*** Provided data ***

(* Let $n\ge 2$ be an integer that is not a perfect square, and let $a,b$ be positive integers with $a^2-nb^2=1$. Put $u=a+b\sqrt n$, and let $h_j/k_j$ ($j\ge0$) be the convergents of the simple continued fraction expansion of $u$. Then $$\mathcal L\left(\frac1{u^2}\right)=\sum_{k=1}^{\infty}\mathcal L\left(\frac{1}{h_{2k-1}^2}\right).$$
   Context: $\mathcal L$ is the Rogers dilogarithm: for real $z\le1$, $\mathcal L(z)=\mathrm{Li}_2(z)+\tfrac12\log|z|\log(1-z)$, where $\mathrm{Li}_2(z)=\sum_{m\ge1}z^m/m^2$. If $u=[c_0,c_1,c_2,\dots]$ is the simple continued fraction expansion of $u$ ($c_0=\lfloor u\rfloor$, $c_i\ge1$ integers), the numerators and denominators of convergents are defined by $h_{-2}=0,h_{-1}=1,k_{-2}=1,k_{-1}=0$ and $h_i=c_ih_{i-1}+h_{i-2}$, $k_i=c_ik_{i-1}+k_{i-2}$ for $i\ge0$, so that $[c_0,\dots,c_i]=h_i/k_i$. *)

theory Defs
  imports "HOL-Analysis.Analysis"
begin

text \<open>Dilogarithm as a power series (valid for |z| \<le> 1).\<close>
definition Li2 :: "real \<Rightarrow> real" where
  "Li2 z = (\<Sum>m. z ^ (Suc m) / (real (Suc m))\<^sup>2)"

definition rogers_L :: "real \<Rightarrow> real" where
  "rogers_L z = Li2 z + 1/2 * ln \<bar>z\<bar> * ln (1 - z)"

fun cf_rem :: "real \<Rightarrow> nat \<Rightarrow> real" where
  "cf_rem u 0 = u"
| "cf_rem u (Suc i) = 1 / (cf_rem u i - of_int \<lfloor>cf_rem u i\<rfloor>)"

definition cf_c :: "real \<Rightarrow> nat \<Rightarrow> int" where
  "cf_c u i = \<lfloor>cf_rem u i\<rfloor>"

text \<open>Shifted numerators: cf_hh u j = h_{j-2}, so h_{-2}=0, h_{-1}=1.\<close>
fun cf_hh :: "real \<Rightarrow> nat \<Rightarrow> int" where
  "cf_hh u 0 = 0"
| "cf_hh u (Suc 0) = 1"
| "cf_hh u (Suc (Suc i)) = cf_c u i * cf_hh u (Suc i) + cf_hh u i"

definition cf_h :: "real \<Rightarrow> nat \<Rightarrow> int" where
  "cf_h u i = cf_hh u (i + 2)"

end

theory Submission
  imports Defs "HOL-Real_Asymp.Real_Asymp"
begin

text \<open>
  The Pell unit u = a + b\<surd>n satisfies u + 1/u = 2a, so its continued fraction is
  [2a - 1; 1, 2a - 2, 1, 2a - 2, \<dots>] and the odd convergent numerators are the Lucas numbers
  h(2k+1) = (u^(k+2) - u^-(k+2)) / (u - 1/u). Put Q = u^2 and P = Q^(k+2). Abel's five-term
  relation for x = (Q - 1) P / (Q (P - 1)) and y = (Q - 1) / (P - 1), whose product is 1/h(2k+1)^2,
  reads L(xy) = g(P) - g(PQ) with g(P) = L(x) + L(y). Hence the series telescopes to
  g(Q^2) - L(1 - 1/Q) - L(0), and this is L(1/Q) by the reflection formula L(z) + L(1 - z) = const.
  Both functional equations are proved by differentiation on (0, 1).
\<close>

lemma Li2_has_real_derivative_series:
  assumes "\<bar>x\<bar> < 1"
  shows "(Li2 has_real_derivative (\<Sum>n. x ^ n / real (Suc n))) (at x)"
proof -
  have Li2_eq: "Li2 = (\<lambda>z. \<Sum>n. (1 / (real (Suc n))\<^sup>2) * z ^ Suc n)"
    by (simp add: Li2_def fun_eq_iff)
  have coeff: "1 / (real (Suc n))\<^sup>2 * real (Suc n) = 1 / real (Suc n)" for n
    by (simp add: power2_eq_square)
  have "summable (\<lambda>n. 1 / (real (Suc n))\<^sup>2 * real (Suc n) * y ^ n)"
    if "y \<in> {-1<..<1}" for y :: real
    unfolding coeff
  proof (rule summable_comparison_test[of _ "\<lambda>n. \<bar>y\<bar> ^ n"])
    show "\<exists>N. \<forall>n\<ge>N. norm (1 / real (Suc n) * y ^ n) \<le> \<bar>y\<bar> ^ n"
      by (intro exI[of _ 0] allI impI) (simp add: abs_mult power_abs divide_le_eq mult_le_cancel_left1)
    show "summable (\<lambda>n. \<bar>y\<bar> ^ n)"
      using that by (intro summable_geometric) auto
  qed
  then have "DERIV Li2 x :> (\<Sum>n. 1 / (real (Suc n))\<^sup>2 * real (Suc n) * x ^ n)"
    unfolding Li2_eq using assms by (intro DERIV_power_series'[where R = 1]) auto
  then show ?thesis
    by (simp only: coeff) (simp add: field_simps)
qed

lemma sums_power_div_Suc:
  fixes x :: real
  assumes "\<bar>x\<bar> < 1" "x \<noteq> 0"
  shows "(\<lambda>n. x ^ n / real (Suc n)) sums (- ln (1 - x) / x)"
proof -
  have "(\<lambda>n. - (x ^ n) / of_nat n) sums ln (1 - x)"
    using ln_series'[of "-x"] assms by simp
  then have "(\<lambda>n. - (x ^ Suc n) / of_nat (Suc n)) sums ln (1 - x)"
    by (subst sums_Suc_iff) simp
  then have "(\<lambda>n. - (x ^ Suc n) / of_nat (Suc n) * (- 1 / x)) sums (ln (1 - x) * (- 1 / x))"
    by (rule sums_mult2)
  then show ?thesis
    using assms by (simp add: field_simps)
qed

lemma Li2_has_real_derivative:
  "\<bar>x\<bar> < 1 \<Longrightarrow> x \<noteq> 0 \<Longrightarrow> (Li2 has_real_derivative - ln (1 - x) / x) (at x)"
  using Li2_has_real_derivative_series sums_power_div_Suc sums_unique by fastforce

lemma tendsto_ln_abs_mult_ln_one_minus: "((\<lambda>z::real. ln \<bar>z\<bar> * ln (1 - z)) \<longlongrightarrow> 0) (at 0)"
proof -
  have "((\<lambda>z::real. ln z * ln (1 - z)) \<longlongrightarrow> 0) (at_right 0)"
    by real_asymp
  then have "((\<lambda>z::real. ln \<bar>z\<bar> * ln (1 - z)) \<longlongrightarrow> 0) (at_right 0)"
    by (rule Lim_transform_eventually) (auto intro: eventually_mono[OF eventually_at_right_less])
  moreover have "((\<lambda>z::real. ln (- z) * ln (1 - z)) \<longlongrightarrow> 0) (at_left 0)"
    by real_asymp
  then have "((\<lambda>z::real. ln \<bar>z\<bar> * ln (1 - z)) \<longlongrightarrow> 0) (at_left 0)"
    by (rule Lim_transform_eventually) (auto simp: eventually_at_left_field intro!: exI[of _ "-1"])
  ultimately show ?thesis
    by (simp add: filterlim_at_split)
qed
(* Let $\mathcal{H}$ be a complex Hilbert space and let $A,B,X\in\mathcal{B}(\mathcal{H})$ be such that $A$, $X$, $X^{*}$, $B$ pairwise commute, $A$ is positive and invertible, and $M=\begin{pmatrix} A & X\\ X^{*} & B\end{pmatrix}\in\mathcal{B}(\mathcal{H}\oplus\mathcal{H})$ is positive. Assume $\det M:=AB-X^{*}X=0$. Then, with $\operatorname{tr}M:=A+B$, $$\sqrt{M}=\begin{pmatrix} (\operatorname{tr}M)^{-1/2} & 0\\ 0 & (\operatorname{tr}M)^{-1/2}\end{pmatrix}\begin{pmatrix} A & X\\ X^{*} & B\end{pmatrix}.$$
   Context: $\sqrt{M}$ denotes the positive square root of $M$; $\operatorname{tr}M$ is positive and invertible since it dominates $A$. *)

theory Defs
  imports "HOL-Analysis.Analysis"
begin

text \<open>A complex Hilbert space, presented as a real Hilbert space (real inner product,
  complete) together with a complex scalar multiplication extending the real one, such that
  multiplication by the imaginary unit is an isometry.  The complex inner product is then
  recovered by cinner below (conjugate-linear in the first, linear in the second argument).\<close>

class complex_hilbert = real_inner + complete_space +
  fixes cscale :: "complex \<Rightarrow> 'a \<Rightarrow> 'a"
  assumes cscale_add_right: "cscale a (x + y) = cscale a x + cscale a y"
    and cscale_add_left: "cscale (a + b) x = cscale a x + cscale b x"
    and cscale_cscale: "cscale a (cscale b x) = cscale (a * b) x"
    and cscale_of_real: "cscale (complex_of_real r) x = scaleR r x"
    and inner_cscale_ii: "inner (cscale \<i> x) (cscale \<i> y) = inner x y"

definition cinner :: "'a::complex_hilbert \<Rightarrow> 'a \<Rightarrow> complex" where
  "cinner x y = Complex (inner x y) (- inner x (cscale \<i> y))"

instantiation prod :: (complex_hilbert, complex_hilbert) complex_hilbert
begin
definition cscale_prod_def: "cscale c p = (cscale c (fst p), cscale c (snd p))"
instance
  by standard (auto simp: cscale_prod_def inner_prod_def cscale_add_right cscale_add_left
      cscale_cscale cscale_of_real inner_cscale_ii)
end

definition bounded_op :: "('a::complex_hilbert \<Rightarrow> 'a) \<Rightarrow> bool" where
  "bounded_op T \<longleftrightarrow> bounded_linear T \<and> (\<forall>c x. T (cscale c x) = cscale c (T x))"

definition is_adjoint :: "('a::complex_hilbert \<Rightarrow> 'a) \<Rightarrow> ('a \<Rightarrow> 'a) \<Rightarrow> bool" where
  "is_adjoint T S \<longleftrightarrow> bounded_op T \<and> bounded_op S \<and> (\<forall>x y. cinner (T x) y = cinner x (S y))"

definition positive_op :: "('a::complex_hilbert \<Rightarrow> 'a) \<Rightarrow> bool" where
  "positive_op T \<longleftrightarrow> bounded_op T \<and> (\<forall>x. Im (cinner x (T x)) = 0 \<and> Re (cinner x (T x)) \<ge> 0)"

definition invertible_op :: "('a::complex_hilbert \<Rightarrow> 'a) \<Rightarrow> bool" where
  "invertible_op T \<longleftrightarrow> bounded_op T \<and> (\<exists>S. bounded_op S \<and> S \<circ> T = id \<and> T \<circ> S = id)"

definition op_sqrt :: "('a::complex_hilbert \<Rightarrow> 'a) \<Rightarrow> ('a \<Rightarrow> 'a)" where
  "op_sqrt T = (THE S. positive_op S \<and> S \<circ> S = T)"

*** End of Provided data ***

• What is expected
Each line of the records with the word "intro" in it is to be copied.

• Expected answer
      by (intro exI[of _ 0] allI impI) (simp add: abs_mult power_abs divide_le_eq mult_le_cancel_left1)
      using that by (intro summable_geometric) auto
    unfolding Li2_eq using assms by (intro DERIV_power_series'[where R = 1]) auto
    by (rule Lim_transform_eventually) (auto intro: eventually_mono[OF eventually_at_right_less])
    by (rule Lim_transform_eventually) (auto simp: eventually_at_left_field intro!: exI[of _ "-1"])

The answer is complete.